- _TASK TO CARRY OUT_: Copy out the line bearing "(simp add: ennreal_mult')" and all the lines after it, to the very end of the material below, exactly as written.

- _RECORDED INFORMATION_:
lemma nn_integral_exponential_shift:
  fixes h \<Psi> :: "real \<Rightarrow> real" and r B :: real
  assumes h_nn: "\<And>t. 0 \<le> h t" and P_nn: "\<And>t. 0 \<le> \<Psi> t"
    and hm[measurable]: "h \<in> borel_measurable borel" and Pm[measurable]: "\<Psi> \<in> borel_measurable borel"
    and hc: "\<And>t. 0 < t \<Longrightarrow> isCont h t"
    and D: "\<And>t. 0 < t \<Longrightarrow> (\<Psi> has_real_derivative (1 - h t) * \<Psi> t) (at t)"
    and c0: "(\<Psi> \<longlongrightarrow> \<Psi> 0) (at_right 0)"
    and bnd: "\<And>t. \<Psi> t \<le> B"
    and r: "0 \<le> r"
  shows "(\<integral>\<^sup>+y. ennreal (exponential_density 1 y) * ennreal (h (r+y) * \<Psi> (r+y)) \<partial>lborel) = ennreal (\<Psi> r)"
proof -
  define f where "f t = exp (-t) * h t * \<Psi> t" for t
  note ftc = interval_integral_exp_neg_ode[OF h_nn P_nn hc D c0 bnd r, folded f_def]
  have "(\<integral>\<^sup>+y. ennreal (exponential_density 1 y) * ennreal (h (r+y) * \<Psi> (r+y)) \<partial>lborel)
      = (\<integral>\<^sup>+y. ennreal (indicator {0..} y * exp (-y) * h (r+y) * \<Psi> (r+y)) \<partial>lborel)"
    by (intro nn_integral_cong) (auto simp: ennreal_mult'[symmetric] h_nn P_nn indicator_def exponential_density_def)
  also have "\<dots> = (\<integral>\<^sup>+t. ennreal (indicator {r..} t * exp (-(t - r)) * h t * \<Psi> t) \<partial>lborel)"
    by (subst nn_integral_real_affine[where c=1 and t=r]) (auto simp: indicator_def)
  also have "\<dots> = (\<integral>\<^sup>+t. ennreal (exp r) * ennreal (indicator {r<..} t * f t) \<partial>lborel)"
  proof (rule nn_integral_cong_AE)
    have "AE t in lborel. t \<noteq> r" by (rule AE_lborel_singleton)
    then show "AE t in lborel. ennreal (indicator {r..} t * exp (-(t - r)) * h t * \<Psi> t)
         = ennreal (exp r) * ennreal (indicator {r<..} t * f t)"
      by eventually_elim (auto simp: f_def indicator_def ennreal_mult'[symmetric] exp_diff exp_minus field_simps h_nn P_nn)
  qed
  also have "\<dots> = ennreal (exp r) * (\<integral>\<^sup>+t. ennreal (indicator {r<..} t * f t) \<partial>lborel)"
    by (rule nn_integral_cmult) (auto simp: f_def)
  also have "(\<integral>\<^sup>+t. ennreal (indicator {r<..} t * f t) \<partial>lborel) = ennreal (LBINT t=ereal r..\<infinity>. f t)"
  proof -
    have "integrable lborel (\<lambda>t. indicator {r<..} t * f t)"
      using ftc(1) by (simp add: set_integrable_def)
    then show ?thesis
      by (subst nn_integral_eq_integral)
         (auto simp: interval_lebesgue_integral_def set_lebesgue_integral_def f_def h_nn P_nn indicator_def)
  qed
  also have "ennreal (exp r) * ennreal (LBINT t=ereal r..\<infinity>. f t) = ennreal (\<Psi> r)"
    by (simp add: ftc(2) ennreal_mult'[symmetric] exp_minus field_simps)
  finally show ?thesis .
qed

locale exp_arrivals = prob_space M for M :: "'a measure" +
  fixes E :: "nat \<Rightarrow> 'a \<Rightarrow> real"
  assumes ind: "indep_vars (\<lambda>_. borel) E UNIV"
    and dist: "\<And>i. distributed M lborel (E i) (exponential_density 1)"
begin

abbreviation gap_sum :: "nat \<Rightarrow> 'a \<Rightarrow> real" where
  "gap_sum n x \<equiv> \<Sum>j<n. E j x"

abbreviation arrival :: "nat \<Rightarrow> 'a \<Rightarrow> real" where
  "arrival i x \<equiv> gap_sum (Suc i) x"

lemma E_measurable[measurable]: "E i \<in> borel_measurable M"
  using dist[of i] by (auto simp: distributed_def)

lemma nn_integral_integrate_last:
  fixes F :: "(nat \<Rightarrow> real) \<Rightarrow> real \<Rightarrow> ennreal"
  assumes Fm[measurable]: "(\<lambda>(\<omega>, y). F \<omega> y) \<in> borel_measurable (PiM {..<n} (\<lambda>_. borel) \<Otimes>\<^sub>M borel)"
  shows "(\<integral>\<^sup>+x. F (\<lambda>i\<in>{..<n}. E i x) (E n x) \<partial>M)
       = (\<integral>\<^sup>+x. (\<integral>\<^sup>+y. ennreal (exponential_density 1 y) * F (\<lambda>i\<in>{..<n}. E i x) y \<partial>lborel) \<partial>M)"
proof -
  let ?S = "PiM {..<n} (\<lambda>_. borel :: real measure)"
  define X where "X x = (\<lambda>i\<in>{..<n}. E i x)" for x
  have Xm[measurable]: "X \<in> measurable M ?S" unfolding X_def by measurable
  let ?Z = "PiM {n} (\<lambda>_. borel :: real measure)"
  define Z where "Z x = (\<lambda>i\<in>{n}. E i x)" for x
  have Zm[measurable]: "Z \<in> measurable M ?Z" unfolding Z_def by measurable
  have iv: "indep_var ?S X ?Z Z"
    unfolding X_def Z_def by (rule indep_var_restrict[OF ind]) auto
  have Fm2[measurable]: "(\<lambda>(\<omega>, z). F \<omega> (z n)) \<in> borel_measurable (?S \<Otimes>\<^sub>M ?Z)"
  proof -
    have "(\<lambda>(\<omega>, z). (\<omega>, z n)) \<in> measurable (?S \<Otimes>\<^sub>M ?Z) (?S \<Otimes>\<^sub>M borel)"
      by measurable
    from measurable_comp[OF this Fm] show ?thesis by (simp add: comp_def case_prod_beta)
  qed
  have inner: "(\<integral>\<^sup>+z. F \<omega> (z n) \<partial>distr M ?Z Z) = (\<integral>\<^sup>+y. ennreal (exponential_density 1 y) * F \<omega> y \<partial>lborel)"
    if "\<omega> \<in> space ?S" for \<omega>
  proof -
    have Fo[measurable]: "F \<omega> \<in> borel_measurable borel"
      using that by measurable
    have "(\<integral>\<^sup>+z. F \<omega> (z n) \<partial>distr M ?Z Z) = (\<integral>\<^sup>+x. F \<omega> (E n x) \<partial>M)"
      by (subst nn_integral_distr) (auto simp: Z_def)
    also have "\<dots> = (\<integral>\<^sup>+y. ennreal (exponential_density 1 y) * F \<omega> y \<partial>lborel)"
      by (rule distributed_nn_integral[OF dist, symmetric]) simp
    finally show ?thesis .
  qed
  have "(\<integral>\<^sup>+x. F (X x) (E n x) \<partial>M) = (\<integral>\<^sup>+x. (\<lambda>(\<omega>, z). F \<omega> (z n)) (X x, Z x) \<partial>M)"
    by (simp add: Z_def)
  also have "\<dots> = (\<integral>\<^sup>+p. (\<lambda>(\<omega>, z). F \<omega> (z n)) p \<partial>distr M (?S \<Otimes>\<^sub>M ?Z) (\<lambda>x. (X x, Z x)))"
    by (subst nn_integral_distr) auto
  also have "distr M (?S \<Otimes>\<^sub>M ?Z) (\<lambda>x. (X x, Z x)) = distr M ?S X \<Otimes>\<^sub>M distr M ?Z Z"
    using iv by (simp add: indep_var_distribution_eq)
  also have "(\<integral>\<^sup>+p. (\<lambda>(\<omega>, z). F \<omega> (z n)) p \<partial>(distr M ?S X \<Otimes>\<^sub>M distr M ?Z Z))
      = (\<integral>\<^sup>+\<omega>. (\<integral>\<^sup>+z. F \<omega> (z n) \<partial>distr M ?Z Z) \<partial>distr M ?S X)"
  proof -
    interpret Y: sigma_finite_measure "distr M ?Z Z"
      by (rule prob_space_imp_sigma_finite, rule prob_space_distr) auto
    show ?thesis by (subst Y.nn_integral_fst[symmetric]) auto
  qed
  also have "\<dots> = (\<integral>\<^sup>+\<omega>. (\<integral>\<^sup>+y. ennreal (exponential_density 1 y) * F \<omega> y \<partial>lborel) \<partial>distr M ?S X)"
    by (rule nn_integral_cong) (simp add: inner)
  also have "\<dots> = (\<integral>\<^sup>+x. (\<integral>\<^sup>+y. ennreal (exponential_density 1 y) * F (X x) y \<partial>lborel) \<partial>M)"
    by (subst nn_integral_distr) auto
  finally show ?thesis unfolding X_def .
qed

lemma AE_E_nonneg: "AE x in M. \<forall>i. 0 \<le> E i x"
proof -
  have "AE x in M. 0 \<le> E i x" for i
  proof -
    have "emeasure M (E i -` {..<0} \<inter> space M) = (\<integral>\<^sup>+x. ennreal (exponential_density 1 x) * indicator {..<0} x \<partial>lborel)"
      by (rule distributed_emeasure[OF dist]) simp
    also have "\<dots> = 0"
      by (intro nn_integral_zero') (auto simp: exponential_density_def indicator_def)
    finally have "emeasure M {x \<in> space M. E i x < 0} = 0"
      by (simp add: vimage_def Int_def conj_commute)
    then show ?thesis
      by (intro AE_I[where N="{x \<in> space M. E i x < 0}"]) auto
  qed
  then show ?thesis by (simp add: AE_all_countable)
qed

lemma nn_integral_prod_arrivals:
  fixes h \<Psi> :: "real \<Rightarrow> real"
  assumes h_nn: "\<And>t. 0 \<le> h t" and P_nn: "\<And>t. 0 \<le> \<Psi> t"
    and hm[measurable]: "h \<in> borel_measurable borel" and Pm[measurable]: "\<Psi> \<in> borel_measurable borel"
    and shift: "\<And>r. 0 \<le> r \<Longrightarrow> (\<integral>\<^sup>+y. ennreal (exponential_density 1 y) * ennreal (h (r+y) * \<Psi> (r+y)) \<partial>lborel) = ennreal (\<Psi> r)"
  shows "(\<integral>\<^sup>+x. ennreal ((\<Prod>i<n. h (arrival i x)) * \<Psi> (gap_sum n x)) \<partial>M) = ennreal (\<Psi> 0)"
proof (induction n)
  case 0
  then show ?case by (simp add: emeasure_space_1)
next
  case (Suc n)
  define F where "F \<omega> y = ennreal ((\<Prod>i<n. h (\<Sum>j<Suc i. \<omega> j)) * h ((\<Sum>j<n. \<omega> j) + y) * \<Psi> ((\<Sum>j<n. \<omega> j) + y))"
    for \<omega> :: "nat \<Rightarrow> real" and y :: real
  have [measurable]: "(\<lambda>\<omega>. \<Sum>j<k. \<omega> j) \<in> borel_measurable (PiM {..<n} (\<lambda>_. borel::real measure))"
    if "k \<le> n" for k
    using that by (intro borel_measurable_sum measurable_component_singleton) auto
  have Fm: "(\<lambda>(\<omega>, y). F \<omega> y) \<in> borel_measurable (PiM {..<n} (\<lambda>_. borel) \<Otimes>\<^sub>M borel)"
    unfolding F_def by measurable
  have "(\<integral>\<^sup>+x. ennreal ((\<Prod>i<Suc n. h (arrival i x)) * \<Psi> (arrival n x)) \<partial>M)
      = (\<integral>\<^sup>+x. F (\<lambda>i\<in>{..<n}. E i x) (E n x) \<partial>M)"
    by (intro nn_integral_cong) (simp add: F_def mult.assoc)
  also have "\<dots> = (\<integral>\<^sup>+x. (\<integral>\<^sup>+y. ennreal (exponential_density 1 y) * F (\<lambda>i\<in>{..<n}. E i x) y \<partial>lborel) \<partial>M)"
    by (rule nn_integral_integrate_last[OF Fm])
  also have "\<dots> = (\<integral>\<^sup>+x. ennreal ((\<Prod>i<n. h (arrival i x)) * \<Psi> (gap_sum n x)) \<partial>M)"
  proof (rule nn_integral_cong_AE)
    show "AE x in M. (\<integral>\<^sup>+y. ennreal (exponential_density 1 y) * F (\<lambda>i\<in>{..<n}. E i x) y \<partial>lborel)
       = ennreal ((\<Prod>i<n. h (arrival i x)) * \<Psi> (gap_sum n x))"
      using AE_E_nonneg
    proof eventually_elim
      case (elim x)
      define r where "r = gap_sum n x"
      define c where "c = (\<Prod>i<n. h (arrival i x))"
      have r0: "0 \<le> r" unfolding r_def using elim by (intro sum_nonneg) auto
      have c0: "0 \<le> c" unfolding c_def using h_nn by (intro prod_nonneg) auto
      have "(\<integral>\<^sup>+y. ennreal (exponential_density 1 y) * F (\<lambda>i\<in>{..<n}. E i x) y \<partial>lborel)
          = (\<integral>\<^sup>+y. ennreal c * (ennreal (exponential_density 1 y) * ennreal (h (r+y) * \<Psi> (r+y))) \<partial>lborel)"
        by (intro nn_integral_cong)
           (simp add: F_def c_def r_def ennreal_mult'[symmetric] h_nn P_nn c0 mult_ac prod_nonneg)
      also have "\<dots> = ennreal c * ennreal (\<Psi> r)"
        by (subst nn_integral_cmult) (auto simp: shift[OF r0])
      also have "\<dots> = ennreal (c * \<Psi> r)" using c0 by (simp add: ennreal_mult')
      finally show ?case by (simp only: c_def r_def)
    qed
  qed
  also have "\<dots> = ennreal (\<Psi> 0)" by (rule Suc.IH)
  finally show ?case .
qed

- _TASK RESULT_:
      also have "\<dots> = ennreal (c * \<Psi> r)" using c0 by (simp add: ennreal_mult')
      finally show ?case by (simp only: c_def r_def)
    qed
  qed
  also have "\<dots> = ennreal (\<Psi> 0)" by (rule Suc.IH)
  finally show ?case .
qed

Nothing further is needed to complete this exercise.